Christian Huitema's blog

Cloudy sky, waves on the sea, the sun is
shining

Making self-signed TLS happen

09 Aug 2012

The IETF is in a pickle again. The security conscious folks would very much like to make TLS the norm for HTTP/2.0, but there is this little problem of certificate management. TLS requires that the server presents a public key certificate. Browsers like IE9 only trust the certificate if it is signed by a certification authority, but getting a signature like that costs money. A few hundred dollars here or there is not a problem for the big sites, but it is a significant expense for the smaller folks. They prefer a simpler solution, deploying TLS with "self-signed" certificates, which they can manufacture freely. But then, self-signed certificates are not all that secure…

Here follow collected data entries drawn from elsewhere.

(* For every $s\in(0,1]$ there exist $\rho>0$ and a von Mangoldt plane $M_m$ such that $m'(r)=s$ for all $r\in[\rho,\infty)$.
   Context: For a smooth function $m\colon[0,\infty)\to[0,\infty)$ with $m(0)=0$, $m'(0)=1$, $m>0$ on $(0,\infty)$ and whose odd extension to $\mathbb R$ is smooth, $M_m$ is $\mathbb R^2$ with the complete smooth metric $dr^2+m(r)^2d\theta^2$ in polar coordinates, curvature $G_m=-m''/m$; $M_m$ is a von Mangoldt plane if $G_m$ is a non-increasing function of $r$. *)

theory Defs
  imports "HOL-Analysis.Analysis"
begin

definition smooth_real :: "(real \<Rightarrow> real) \<Rightarrow> bool" where
  "smooth_real f \<longleftrightarrow> (\<forall>k::nat. \<forall>x. ((deriv ^^ k) f) differentiable (at x))"

definition odd_ext :: "(real \<Rightarrow> real) \<Rightarrow> real \<Rightarrow> real" where
  "odd_ext m x = (if x \<ge> 0 then m x else - m (- x))"

text \<open>Admissible warping functions m: smooth on [0,infinity) (with smooth odd
  extension), m(0)=0, m'(0)=1, m>0 on (0,infinity). Only the values of m on
  [0,infinity) matter. Derivatives of m are taken via the odd extension.\<close>
definition admissible_m :: "(real \<Rightarrow> real) \<Rightarrow> bool" where
  "admissible_m m \<longleftrightarrow>
     smooth_real (odd_ext m) \<and> m 0 = 0 \<and> deriv (odd_ext m) 0 = 1 \<and>
     (\<forall>r>0. m r > 0)"

text \<open>Curvature G_m = - m''/m of the metric dr^2 + m(r)^2 dtheta^2 (for r>0).\<close>
definition curv_G :: "(real \<Rightarrow> real) \<Rightarrow> real \<Rightarrow> real" where
  "curv_G m r = - deriv (deriv (odd_ext m)) r / m r"

definition von_mangoldt :: "(real \<Rightarrow> real) \<Rightarrow> bool" where
  "von_mangoldt m \<longleftrightarrow> admissible_m m \<and>
     (\<forall>r1 r2. 0 < r1 \<longrightarrow> r1 \<le> r2 \<longrightarrow> curv_G m r2 \<le> curv_G m r1)"

end

theory Submission
  imports Defs "HOL-Computational_Algebra.Polynomial"
begin

(* Choose a smooth even profile F with F 0 = 1 and F u = s for |u| >= 1, built from the
   flat function e^(-1/x), such that F and K u = - F' u / u are nonnegative and nonincreasing
   on [0, oo).  The odd solution of the autonomous equation m' = F m, obtained by inverting
   u |-> integral from 0 to u of 1/F, is smooth with m' 0 = 1 and m' = s as soon as m >= 1.
   Its curvature is - m''/m = - F'(m) F(m) / m = K(m) F(m), a product of nonnegative
   nonincreasing functions of r. *)

fun differentiable_times :: "nat \<Rightarrow> (real \<Rightarrow> real) \<Rightarrow> bool" where
  "differentiable_times 0 f = True"
| "differentiable_times (Suc n) f \<longleftrightarrow>
     (\<forall>x. f differentiable at x) \<and> differentiable_times n (deriv f)"

lemma differentiable_times_iff:
  "differentiable_times n f \<longleftrightarrow> (\<forall>k<n. \<forall>x. (deriv ^^ k) f differentiable at x)"
proof (induction n arbitrary: f)
  case 0
  then show ?case by simp
next
  case (Suc n)
  have deriv_Suc: "(deriv ^^ Suc k) f = (deriv ^^ k) (deriv f)" for k
    by (simp only: funpow_Suc_right o_apply)
  show ?case
    by (simp only: differentiable_times.simps Suc.IH All_less_Suc2 deriv_Suc funpow_0)
qed

lemma smooth_real_iff_differentiable_times:
  "smooth_real f \<longleftrightarrow> (\<forall>n. differentiable_times n f)"
  unfolding smooth_real_def differentiable_times_iff by (meson lessI)

lemma differentiable_times_Suc_mono:
  "differentiable_times (Suc n) f \<Longrightarrow> differentiable_times n f"
  by (induction n arbitrary: f) auto

lemma differentiable_times_SucI:
  assumes "\<And>x. (f has_real_derivative f' x) (at x)" and "differentiable_times n f'"
  shows "differentiable_times (Suc n) f"
proof -
  have "deriv f = f'"
    using assms(1) DERIV_imp_deriv by blast
  moreover have "f differentiable at x" for x
    using assms(1) real_differentiable_def by blast
  ultimately show ?thesis
    using assms(2) by simp
qed

lemma differentiable_times_SucD:
  "differentiable_times (Suc n) f \<Longrightarrow> (f has_real_derivative deriv f x) (at x)"
  by (simp add: DERIV_deriv_iff_real_differentiable)

lemma differentiable_times_const: "differentiable_times n (\<lambda>x. c)"
  by (induction n arbitrary: c) (auto intro: differentiable_times_SucI[where f'="\<lambda>x. 0"])

lemma differentiable_times_ident: "differentiable_times n (\<lambda>x. x)"
  by (cases n) (auto intro: differentiable_times_SucI[where f'="\<lambda>x. 1"] differentiable_times_const)

lemma differentiable_times_add:
  "differentiable_times n f \<Longrightarrow> differentiable_times n g \<Longrightarrow>
     differentiable_times n (\<lambda>x. f x + g x)"
proof (induction n arbitrary: f g)
  case (Suc n)
  have "((\<lambda>x. f x + g x) has_real_derivative deriv f x + deriv g x) (at x)" for x
    using Suc.prems by (intro DERIV_add differentiable_times_SucD)
  then show ?case
    using Suc by (intro differentiable_times_SucI) auto
qed simp

lemma differentiable_times_mult:
  "differentiable_times n f \<Longrightarrow> differentiable_times n g \<Longrightarrow>
     differentiable_times n (\<lambda>x. f x * g x)"
proof (induction n arbitrary: f g)
  case (Suc n)
  have "((\<lambda>x. f x * g x) has_real_derivative f x * deriv g x + deriv f x * g x) (at x)" for x
    using Suc.prems by (intro DERIV_mult' differentiable_times_SucD)
  moreover have "differentiable_times n (\<lambda>x. f x * deriv g x + deriv f x * g x)"
    using Suc differentiable_times_Suc_mono by (intro differentiable_times_add) auto
  ultimately show ?case
    by (rule differentiable_times_SucI)
qed simp

lemma differentiable_times_compose:
  "differentiable_times n f \<Longrightarrow> differentiable_times n g \<Longrightarrow>
     differentiable_times n (\<lambda>x. f (g x))"
proof (induction n arbitrary: f g)
  case (Suc n)
  have "((\<lambda>x. f (g x)) has_real_derivative deriv f (g x) * deriv g x) (at x)" for x
    using Suc.prems by (intro DERIV_chain2 differentiable_times_SucD)
  moreover have "differentiable_times n (\<lambda>x. deriv f (g x) * deriv g x)"
    using Suc differentiable_times_Suc_mono by (intro differentiable_times_mult) auto
  ultimately show ?case
    by (rule differentiable_times_SucI)
qed simp

definition flat_exp :: "real poly \<Rightarrow> real \<Rightarrow> real" where
  "flat_exp p x = (if x > 0 then poly p (1 / x) * exp (- 1 / x) else 0)"

(* (p(1/x) e^(-1/x))' = q(1/x) e^(-1/x) with q y = y^2 (p y - p' y) *)
definition flat_exp_pderiv :: "real poly \<Rightarrow> real poly" where
  "flat_exp_pderiv p = [:0, 0, 1:] * (p - pderiv p)"

lemma poly_over_exp_tendsto_0: "((\<lambda>y::real. poly p y / exp y) \<longlongrightarrow> 0) at_top"
proof -
  have "((\<lambda>y. \<Sum>i\<le>degree p. coeff p i * (y ^ i / exp y)) \<longlongrightarrow> 0) at_top"
    by (intro tendsto_null_sum tendsto_mult_right_zero tendsto_power_div_exp_0)
  then show ?thesis
    by (simp add: poly_altdef sum_divide_distrib)
qed

lemma flat_exp_over_ident_tendsto_0: "((\<lambda>x. flat_exp p x / x) \<longlongrightarrow> 0) (at 0)"
  unfolding filterlim_at_split
proof
  show "((\<lambda>x. flat_exp p x / x) \<longlongrightarrow> 0) (at_left 0)"
    by (rule tendsto_eventually)
       (use eventually_at_left_real[of "-1" 0] in \<open>auto elim!: eventually_mono simp: flat_exp_def\<close>)
next
  have "\<forall>\<^sub>F y in at_top. poly ([:0, 1:] * p) y / exp y = flat_exp p (inverse y) / inverse y"
    using eventually_gt_at_top[of 0] by eventually_elim (simp add: flat_exp_def exp_minus field_simps)
  then show "((\<lambda>x. flat_exp p x / x) \<longlongrightarrow> 0) (at_right 0)"
    unfolding filterlim_at_right_to_top by (rule Lim_transform_eventually[OF poly_over_exp_tendsto_0])
qed

lemma has_real_derivative_flat_exp:
  "(flat_exp p has_real_derivative flat_exp (flat_exp_pderiv p) x) (at x)"
proof (cases x "0 :: real" rule: linorder_cases)
  case less
  have "\<forall>\<^sub>F y in nhds x. flat_exp p y = 0"
    using eventually_nhds_in_open[of "{..<0}" x] less by (auto elim!: eventually_mono simp: flat_exp_def)
  then have "(flat_exp p has_real_derivative 0) (at x)"
    by (subst DERIV_cong_ev[OF refl _ refl]) auto
  then show ?thesis
    using less by (simp add: flat_exp_def)
next
  case equal
  then show ?thesis
    using flat_exp_over_ident_tendsto_0[of p] by (simp add: has_field_derivative_iff flat_exp_def)
next
  case greater
  have "((\<lambda>x. poly p (1 / x) * exp (- 1 / x)) has_real_derivative
      poly (pderiv p) (1 / x) * (- 1 / x\<^sup>2) * exp (- 1 / x) +
      poly p (1 / x) * (exp (- 1 / x) * (1 / x\<^sup>2))) (at x)"
    using greater
    by (auto intro!: derivative_eq_intros DERIV_chain2[OF poly_DERIV] simp: power2_eq_square field_simps)
  moreover have "\<forall>\<^sub>F y in nhds x. flat_exp p y = poly p (1 / y) * exp (- 1 / y)"
    using eventually_nhds_in_open[of "{0<..}" x] greater by (auto elim!: eventually_mono simp: flat_exp_def)
  ultimately show ?thesis
    using greater
    by (subst DERIV_cong_ev[OF refl])
       (auto simp: flat_exp_def flat_exp_pderiv_def field_simps power2_eq_square)
qed

lemma differentiable_times_flat_exp: "differentiable_times n (flat_exp p)"
proof (induction n arbitrary: p)
  case (Suc n)
  show ?case
    by (rule differentiable_times_SucI[OF has_real_derivative_flat_exp Suc.IH])
qed simp

abbreviation psi :: "real \<Rightarrow> real" where
  "psi \<equiv> flat_exp 1"

abbreviation dpsi :: "real \<Rightarrow> real" where
  "dpsi \<equiv> flat_exp (flat_exp_pderiv 1)"

lemma psi_pos: "0 < x \<Longrightarrow> 0 < psi x"
  by (simp add: flat_exp_def)

lemma psi_nonneg: "0 \<le> psi x"
  by (simp add: flat_exp_def)

lemma psi_eq_0: "x \<le> 0 \<Longrightarrow> psi x = 0"
  by (simp add: flat_exp_def)

lemma poly_flat_exp_pderiv_1: "poly (flat_exp_pderiv 1) y = y\<^sup>2"
  by (simp add: flat_exp_pderiv_def power2_eq_square)

lemma poly_flat_exp_pderiv_pderiv_1: "poly (flat_exp_pderiv (flat_exp_pderiv 1)) y = y ^ 3 * (y - 2)"
  by (simp add: flat_exp_pderiv_def pderiv_pCons pderiv_mult algebra_simps power3_eq_cube power2_eq_square)

lemma dpsi_nonneg: "0 \<le> dpsi x"
  by (simp add: flat_exp_def poly_flat_exp_pderiv_1)

lemma psi_mono: "x \<le> y \<Longrightarrow> psi x \<le> psi y"
  by (rule DERIV_nonneg_imp_nondecreasing) (use has_real_derivative_flat_exp dpsi_nonneg in blast)+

Suppose that www.example.com tries to secure its TLS connections with a self-signed certificate. Alice clicks on the link, but a hacker managed to pollute her DNS server, and the request is redirected to a hacker-controlled server. That server can provide its own self signed certificate. Alice sees a "secure" connection, and believes she is landing at the right place, but her connection is really controlled by the attacker. Many see that as a fatal flaw of the "self-signed certificate" approach. The simple analysis is "self-signed bad, authority-signed good." But things are not so simple.

Self-signed certificates do have some advantages over plain text connections, since the data is encrypted. The forging of the site's certificate requires an active attack: hacking the DNS, forcing the client to use an untrusted proxy, or somehow affecting the routing of IP packets. In the absence of active attacks, the encryption will protect against passive eavesdropping. Since non-encrypted connection can also be affected by active attacks, it would seem that self-signed TLS only has advantages over plain text HTTP. The main disadvantage are in the realm of psychology. The client might come to trust the encryption and take more risks than with a plain text exchange.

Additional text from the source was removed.